The same pattern has continued through history. Sin will be punished. Blood will be avenged. That is a guarantee. It might be America's time now. It's hard to know in the moment. But we certainly have it coming.

This is why Jesus never got involved in politics. He had a much bigger mission in his time on Earth. The last thing he told his disciples was to preach the Gospel to every nation, not found one of their own.
Then Jesus came to them and said, "All authority in heaven and on earth has been given to me. Therefore go and make disciples of all nations, baptizing them in the name of the Father and of the Son and of the Holy Spirit, and teaching them to obey everything I have commanded you. And surely I am with you always, to the very end of age." 
-- Matthew 28:18-20
A nation is ultimately just a big group of extremely flawed human beings. No nation is perfect because no human is perfect. Putting your faith in any of them will only send you down the wrong path.

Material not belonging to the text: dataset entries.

(* Let $A$ be the $N\times N$ tridiagonal matrix described below, block partitioned as $A = \begin{bmatrix} A_{LL} & A_{LI} \\ A_{IL} & A_{II}\end{bmatrix}$, and let $M = \begin{bmatrix} A_{LL} & A_{LI} \\ A_{IL} & M_{II}\end{bmatrix}$, where $M_{II}$ is the upper triangular part (including the diagonal) of $A_{II}$. Assume that there is a constant, $\alpha$, such that the discretization mesh satisfies $\alpha/N \leq h_i$ for $N_L+1 \leq i \leq N$. Then, any eigenvalue, $\lambda$, of $M^{-1}A$ satisfies \[ 1-\frac{8\varepsilon N}{\underline{C}\alpha} \leq \lambda \leq 1, \] where $\underline{C} > 0$ is the lower bound on $c(x)$.
   Context: Consider $-\varepsilon u'' - c(x)u' + r(x)u = f$ on $(0,1)$, $u(0)=u(1)=0$, with $\varepsilon\in(0,1]$, $0<\underline{C}\le c(x)\le\overline{C}$ and $r(x)\ge 0$ on $[0,1]$. On a mesh $0=x_0<x_1<\dots<x_N=1$ with $h_i = x_i - x_{i-1}$, $\bar h_i = (h_i+h_{i+1})/2$, $c_i=c(x_i)$, $r_i=r(x_i)$, $A$ is the tridiagonal upwind finite-difference matrix whose row $i$ has stencil $\left[ -\frac{\varepsilon}{h_i\bar h_i} , \frac{\varepsilon}{\bar h_i}\left(\frac{1}{h_i} + \frac{1}{h_{i+1}}\right) + \frac{c_i}{h_{i+1}} + r_i , -\frac{\varepsilon}{h_{i+1}\bar h_i} -\frac{c_i}{h_{i+1}} \right]$. The unknowns are split into a layer set $L$ (first $N_L$ indices, fine meshwidths near the layer, including the transition point) and an interior set $I$ (remaining $N_I$ indices), with $N=N_L+N_I$. *)

theory Defs
  imports Complex_Main "Jordan_Normal_Form.Char_Poly"
begin

definition mesh_h :: "(nat \<Rightarrow> real) \<Rightarrow> nat \<Rightarrow> real" where
  "mesh_h x i = x i - x (i - 1)"

definition mesh_hbar :: "(nat \<Rightarrow> real) \<Rightarrow> nat \<Rightarrow> real" where
  "mesh_hbar x i = (mesh_h x i + mesh_h x (Suc i)) / 2"

text \<open>The unknowns are the
  interior nodes x_1, ..., x_(N-1); unknown i is stored at (0-based) matrix index i - 1.
  Row i has stencil [ -eps/(h_i hbar_i),
    eps/hbar_i (1/h_i + 1/h_(i+1)) + c_i/h_(i+1) + r_i,
    -eps/(h_(i+1) hbar_i) - c_i/h_(i+1) ].\<close>
definition upwind_matrix ::
  "real \<Rightarrow> (real \<Rightarrow> real) \<Rightarrow> (real \<Rightarrow> real) \<Rightarrow> (nat \<Rightarrow> real) \<Rightarrow> nat \<Rightarrow> real mat" where
  "upwind_matrix eps c r x N = mat (N - 1) (N - 1) (\<lambda>(j, k).
     let i = Suc j in
     if k = j then eps / mesh_hbar x i * (1 / mesh_h x i + 1 / mesh_h x (Suc i))
                   + c (x i) / mesh_h x (Suc i) + r (x i)
     else if Suc k = j then - eps / (mesh_h x i * mesh_hbar x i)
     else if k = Suc j then - eps / (mesh_h x (Suc i) * mesh_hbar x i) - c (x i) / mesh_h x (Suc i)
     else 0)"

text \<open>Block preconditioner M = [A_LL A_LI; A_IL M_II] where the layer set L consists of the
  first NL indices (0-based indices < NL) and M_II is the upper triangular part (including the
  diagonal) of A_II: i.e. the strictly lower triangular entries of the II block are dropped.\<close>
definition block_precond :: "real mat \<Rightarrow> nat \<Rightarrow> real mat" where
  "block_precond A NL = mat (dim_row A) (dim_col A) (\<lambda>(j, k).
     if NL \<le> k \<and> k < j then 0 else A $$ (j, k))"

end

theory Submission
  imports Defs
begin

text \<open>
  The preconditioner M differs from A only by the sub-diagonal entries a j (j > NL) of the
  interior block. If A v = \<lambda> M v with \<mu> = 1 - \<lambda> \<noteq> 0, the layer rows give (M v) j = 0, so
  forward elimination ties the last layer unknown to the first interior one through a pivot
  p \<ge> b NL, while the interior rows read \<mu> (d j v j - b j v (j+1)) = a j v (j-1).
  With \<nu>^2 = \<mu> and Y k = \<nu>^k v (NL + k) this becomes a tridiagonal eigenproblem for \<nu> with
  positive off-diagonals; after a diagonal symmetrisation its Rayleigh quotient shows that \<nu> is
  real and \<nu>^2 \<le> 4 q as soon as a k b (k-1) \<le> q D k D (k-1). On the mesh, a j \<le> q d j with
  q = 2 eps N / (Clow alpha), because h j \<ge> alpha / N and d j \<ge> c j / h (j+1). Hence
  1 - 4 q \<le> \<lambda> \<le> 1. The same elimination shows that the weakly diagonally dominant M is
  invertible.
\<close>

section \<open>Tridiagonal matrices\<close>

definition tridiag_mat :: "nat \<Rightarrow> (nat \<Rightarrow> real) \<Rightarrow> (nat \<Rightarrow> real) \<Rightarrow> (nat \<Rightarrow> real) \<Rightarrow> real mat" where
  "tridiag_mat n d a b = mat n n (\<lambda>(j, k).
     if k = j then d j else if Suc k = j then - a j else if k = Suc j then - b j else 0)"

definition zero_extend :: "'a::zero vec \<Rightarrow> nat \<Rightarrow> 'a" where
  "zero_extend v k = (if k < dim_vec v then v $ k else 0)"

definition tridiag_row ::
  "(nat \<Rightarrow> real) \<Rightarrow> (nat \<Rightarrow> real) \<Rightarrow> (nat \<Rightarrow> real) \<Rightarrow> (nat \<Rightarrow> 'a::real_algebra_1) \<Rightarrow> nat \<Rightarrow> 'a" where
  "tridiag_row d a b u j =
     of_real (d j) * u j - (if j = 0 then 0 else of_real (a j) * u (j - 1)) - of_real (b j) * u (Suc j)"

lemma tridiag_mat_dim [simp]:
  "dim_row (tridiag_mat n d a b) = n" "dim_col (tridiag_mat n d a b) = n"
  by (simp_all add: tridiag_mat_def)

lemma tridiag_mat_carrier [simp]: "tridiag_mat n d a b \<in> carrier_mat n n"
  by (simp add: carrier_matI)

lemma sum_lessThan_tridiag:
  fixes x y z :: "'a::comm_monoid_add"
  shows "(\<Sum>k<n. if k = j then x else if Suc k = j then y else if k = Suc j then z else 0)
    = (if j < n then x else 0) + (if 0 < j \<and> j - 1 < n then y else 0) + (if Suc j < n then z else 0)"
proof (induction n)
  case (Suc n)
  show ?case unfolding sum.lessThan_Suc Suc
    by (cases "n = j"; cases "Suc n = j"; cases "n = Suc j"; auto simp: ac_simps)
qed simp

lemma tridiag_mult_vec_nth:
  fixes v :: "'a::real_field vec"
  assumes v: "v \<in> carrier_vec n" and j: "j < n"
  shows "(map_mat of_real (tridiag_mat n d a b) *\<^sub>v v) $ j = tridiag_row d a b (zero_extend v) j"
proof -
  let ?u = "zero_extend v"
  have "(map_mat of_real (tridiag_mat n d a b) *\<^sub>v v) $ j
      = (\<Sum>k<n. of_real (tridiag_mat n d a b $$ (j, k)) * v $ k)"
    using v j by (simp add: mult_mat_vec_def scalar_prod_def lessThan_atLeast0)
  also have "\<dots> = (\<Sum>k<n. if k = j then of_real (d j) * ?u j
      else if Suc k = j then - of_real (a j) * ?u (j - 1)
      else if k = Suc j then - of_real (b j) * ?u (Suc j) else 0)"
    using v j by (intro sum.cong) (auto simp: tridiag_mat_def zero_extend_def)
  also have "\<dots> = tridiag_row d a b ?u j"
    unfolding sum_lessThan_tridiag using v j by (auto simp: tridiag_row_def zero_extend_def)
  finally show ?thesis .
qed

definition dominant_tridiag :: "nat \<Rightarrow> (nat \<Rightarrow> real) \<Rightarrow> (nat \<Rightarrow> real) \<Rightarrow> (nat \<Rightarrow> real) \<Rightarrow> bool" where
  "dominant_tridiag n d a b \<longleftrightarrow> (\<forall>j<n. 0 \<le> a j \<and> 0 < b j \<and> a j + b j \<le> d j)"

text \<open>The pivots of Gaussian elimination without row exchanges.\<close>
fun elim_pivot :: "(nat \<Rightarrow> real) \<Rightarrow> (nat \<Rightarrow> real) \<Rightarrow> (nat \<Rightarrow> real) \<Rightarrow> nat \<Rightarrow> real" where
  "elim_pivot d a b 0 = d 0"
| "elim_pivot d a b (Suc j) = d (Suc j) - a (Suc j) * b j / elim_pivot d a b j"

lemma elim_pivot_ge:
  assumes "dominant_tridiag n d a b" and "j < n"
  shows "b j \<le> elim_pivot d a b j"
  using \<open>j < n\<close>
proof (induction j)
  case 0
  then show ?case using assms(1) by (force simp: dominant_tridiag_def)
next
  case (Suc j)
  then have "b j \<le> elim_pivot d a b j" and "0 < b j" and "0 \<le> a (Suc j)"
    and "a (Suc j) + b (Suc j) \<le> d (Suc j)"
    using assms(1) by (auto simp: dominant_tridiag_def)
  moreover from this have "b j / elim_pivot d a b j \<le> 1" by simp
  ultimately have "a (Suc j) * b j / elim_pivot d a b j \<le> a (Suc j)"
    by (metis mult_left_le times_divide_eq_right)
  with \<open>a (Suc j) + b (Suc j) \<le> d (Suc j)\<close> show ?case by simp
qed

lemma elim_pivot_pos:
  assumes "dominant_tridiag n d a b" and "j < n"
  shows "0 < elim_pivot d a b j"
  using elim_pivot_ge[OF assms] assms by (force simp: dominant_tridiag_def)

lemma elim_pivot_eq:
  fixes u :: "nat \<Rightarrow> 'a::real_field"
  assumes dom: "dominant_tridiag n d a b" and "K < n"
    and rows: "\<forall>j\<le>K. tridiag_row d a b u j = 0"
    and "j \<le> K"
  shows "of_real (elim_pivot d a b j) * u j = of_real (b j) * u (Suc j)"
  using \<open>j \<le> K\<close>
proof (induction j)
  case 0
  then show ?case using rows[rule_format, of 0] by (simp add: tridiag_row_def)
next
  case (Suc j)
  have "0 < elim_pivot d a b j" using elim_pivot_pos[OF dom] Suc.prems \<open>K < n\<close> by simp
  with Suc have "u j = of_real (b j / elim_pivot d a b j) * u (Suc j)"
    by (simp add: field_simps)
  with rows Suc.prems show ?case by (simp add: tridiag_row_def algebra_simps)
qed

lemma tridiag_kernel_trivial:
  fixes v :: "'a::real_field vec"
  assumes dom: "dominant_tridiag n d a b" and v: "v \<in> carrier_vec n"
    and Tv: "map_mat of_real (tridiag_mat n d a b) *\<^sub>v v = 0\<^sub>v n"
  shows "v = 0\<^sub>v n"
proof -
  let ?u = "zero_extend v"
  have rows: "tridiag_row d a b ?u j = 0" if "j < n" for j
    using tridiag_mult_vec_nth[OF v that, of d a b] Tv that by simp
  have u0: "?u j = 0" if "j \<le> n" for j
    using that
  proof (induction rule: inc_induct)
    case base
    show ?case using v by (simp add: zero_extend_def)
  next
    case (step j)
    then have "of_real (elim_pivot d a b j) * ?u j = 0"
      using elim_pivot_eq[OF dom step.hyps(2), of ?u j] rows step by simp
    then show ?case using elim_pivot_pos[OF dom step.hyps(2)] by simp
  qed
  have "v $ j = 0" if "j < n" for j
    using u0[of j] that v by (simp add: zero_extend_def)
  then show ?thesis using v by (intro eq_vecI) auto
qed

lemma tridiag_invertible:
  assumes "dominant_tridiag n d a b"
  shows "invertible_mat (tridiag_mat n d a b)"
proof -
  let ?T = "tridiag_mat n d a b"
  have "det (map_mat complex_of_real ?T) \<noteq> 0"
    using tridiag_kernel_trivial[OF assms] det_0_iff_vec_prod_zero[of "map_mat complex_of_real ?T" n]
    by auto
  then have "det ?T \<noteq> 0" by (simp add: of_real_hom.hom_det)
  from det_non_zero_imp_unit[OF tridiag_mat_carrier this, unfolded Units_def, of "()"]
  obtain B where "B \<in> carrier_mat n n" "B * ?T = 1\<^sub>m n" "?T * B = 1\<^sub>m n"
    by (auto simp: ring_mat_def)
  then show ?thesis
    unfolding invertible_mat_def inverts_mat_def square_mat.simps by auto
qed

section \<open>Eigenvalues of symmetrizable tridiagonal pencils\<close>

lemma mult_le_sqrt_am_gm:
  fixes e U V P x y :: real
  assumes "e\<^sup>2 \<le> P * U * V" "0 \<le> U" "0 \<le> V" "0 \<le> P" "0 \<le> x" "0 \<le> y"
  shows "\<bar>e\<bar> * x * y \<le> sqrt P / 2 * (U * x\<^sup>2 + V * y\<^sup>2)"
proof -
  have "\<bar>e\<bar> \<le> sqrt P * sqrt U * sqrt V"
    using assms real_sqrt_le_mono[OF assms(1)] by (simp add: real_sqrt_mult)
  then have "\<bar>e\<bar> * (x * y) \<le> (sqrt P * sqrt U * sqrt V) * (x * y)"
    using assms by (intro mult_right_mono) auto
  then have "\<bar>e\<bar> * x * y \<le> (sqrt P * sqrt U * sqrt V) * (x * y)"
    by (simp add: mult.assoc)
  also have "\<dots> = sqrt P / 2 * (2 * (sqrt U * x) * (sqrt V * y))"
    by simp
  also have "\<dots> \<le> sqrt P / 2 * (U * x\<^sup>2 + V * y\<^sup>2)"
  proof (rule mult_left_mono)
    have "0 \<le> (sqrt U * x - sqrt V * y)\<^sup>2" by simp
    then show "2 * (sqrt U * x) * (sqrt V * y) \<le> U * x\<^sup>2 + V * y\<^sup>2"
      using assms by (simp add: power2_eq_square algebra_simps)
  qed (use assms in simp)
  finally show ?thesis .
qed

text \<open>Testing the equation against the conjugate of Y: the off-diagonal part of the Rayleigh
  quotient is a number plus its conjugate, which forces \<nu> to be real.\<close>
lemma symmetric_tridiag_rayleigh_quotient:
  fixes \<nu> :: complex and Y :: "nat \<Rightarrow> complex" and D e :: "nat \<Rightarrow> real"
  assumes e0: "e 0 = 0" and Ym: "Y m = 0"
    and eq: "\<forall>k<m. \<nu> * D k * Y k = e k * Y (k - 1) + e (Suc k) * Y (Suc k)"
  shows "\<nu> * (\<Sum>k<m. D k * (cmod (Y k))\<^sup>2) = 2 * Re (\<Sum>k<m. e k * (cnj (Y k) * Y (k - 1)))"
proof -
  define T where "T = (\<Sum>k<m. e k * (cnj (Y k) * Y (k - 1)))"
  define F where "F k = e k * (cnj (Y (k - 1)) * Y k)" for k
  have "\<nu> * (\<Sum>k<m. D k * (cmod (Y k))\<^sup>2) = (\<Sum>k<m. cnj (Y k) * (\<nu> * D k * Y k))"
    unfolding of_real_sum sum_distrib_left
    by (rule sum.cong) (auto simp: complex_norm_square[symmetric] mult_ac)
  also have "\<dots> = (\<Sum>k<m. cnj (Y k) * (e k * Y (k - 1) + e (Suc k) * Y (Suc k)))"
    using eq by (intro sum.cong) auto
  also have "\<dots> = T + (\<Sum>k<m. F (Suc k))"
    unfolding T_def F_def sum.distrib[symmetric] by (rule sum.cong) (auto simp: algebra_simps)
  also have "(\<Sum>k<m. F (Suc k)) = (\<Sum>k<m. F k)"
    using sum.lessThan_Suc_shift[of F m] e0 Ym by (simp add: F_def)
  also have "(\<Sum>k<m. F k) = cnj T"
    unfolding T_def F_def cnj_sum by (simp add: mult_ac)
  finally have "\<nu> * (\<Sum>k<m. D k * (cmod (Y k))\<^sup>2) = T + cnj T" .
  then show ?thesis by (simp only: complex_add_cnj T_def)
qed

Fighting for a righteous cause doesn't necessarily mean that you are righteous. You still have to answer for all the evil things you have done in your life. Which leads us to the most important question of them all. Do you really want to be judged for your actions? Or do you want someone else to stand in your place?

Sunday, August 16, 2020

Isaiah 23

The world that Isaiah lived in wasn't that different from our own. His homeland of Judah was part of an integrated international economy that stretched across thousands of miles. There was a lot more going on in 700 BC than peasants herding sheep and exchanging metal trinkets. 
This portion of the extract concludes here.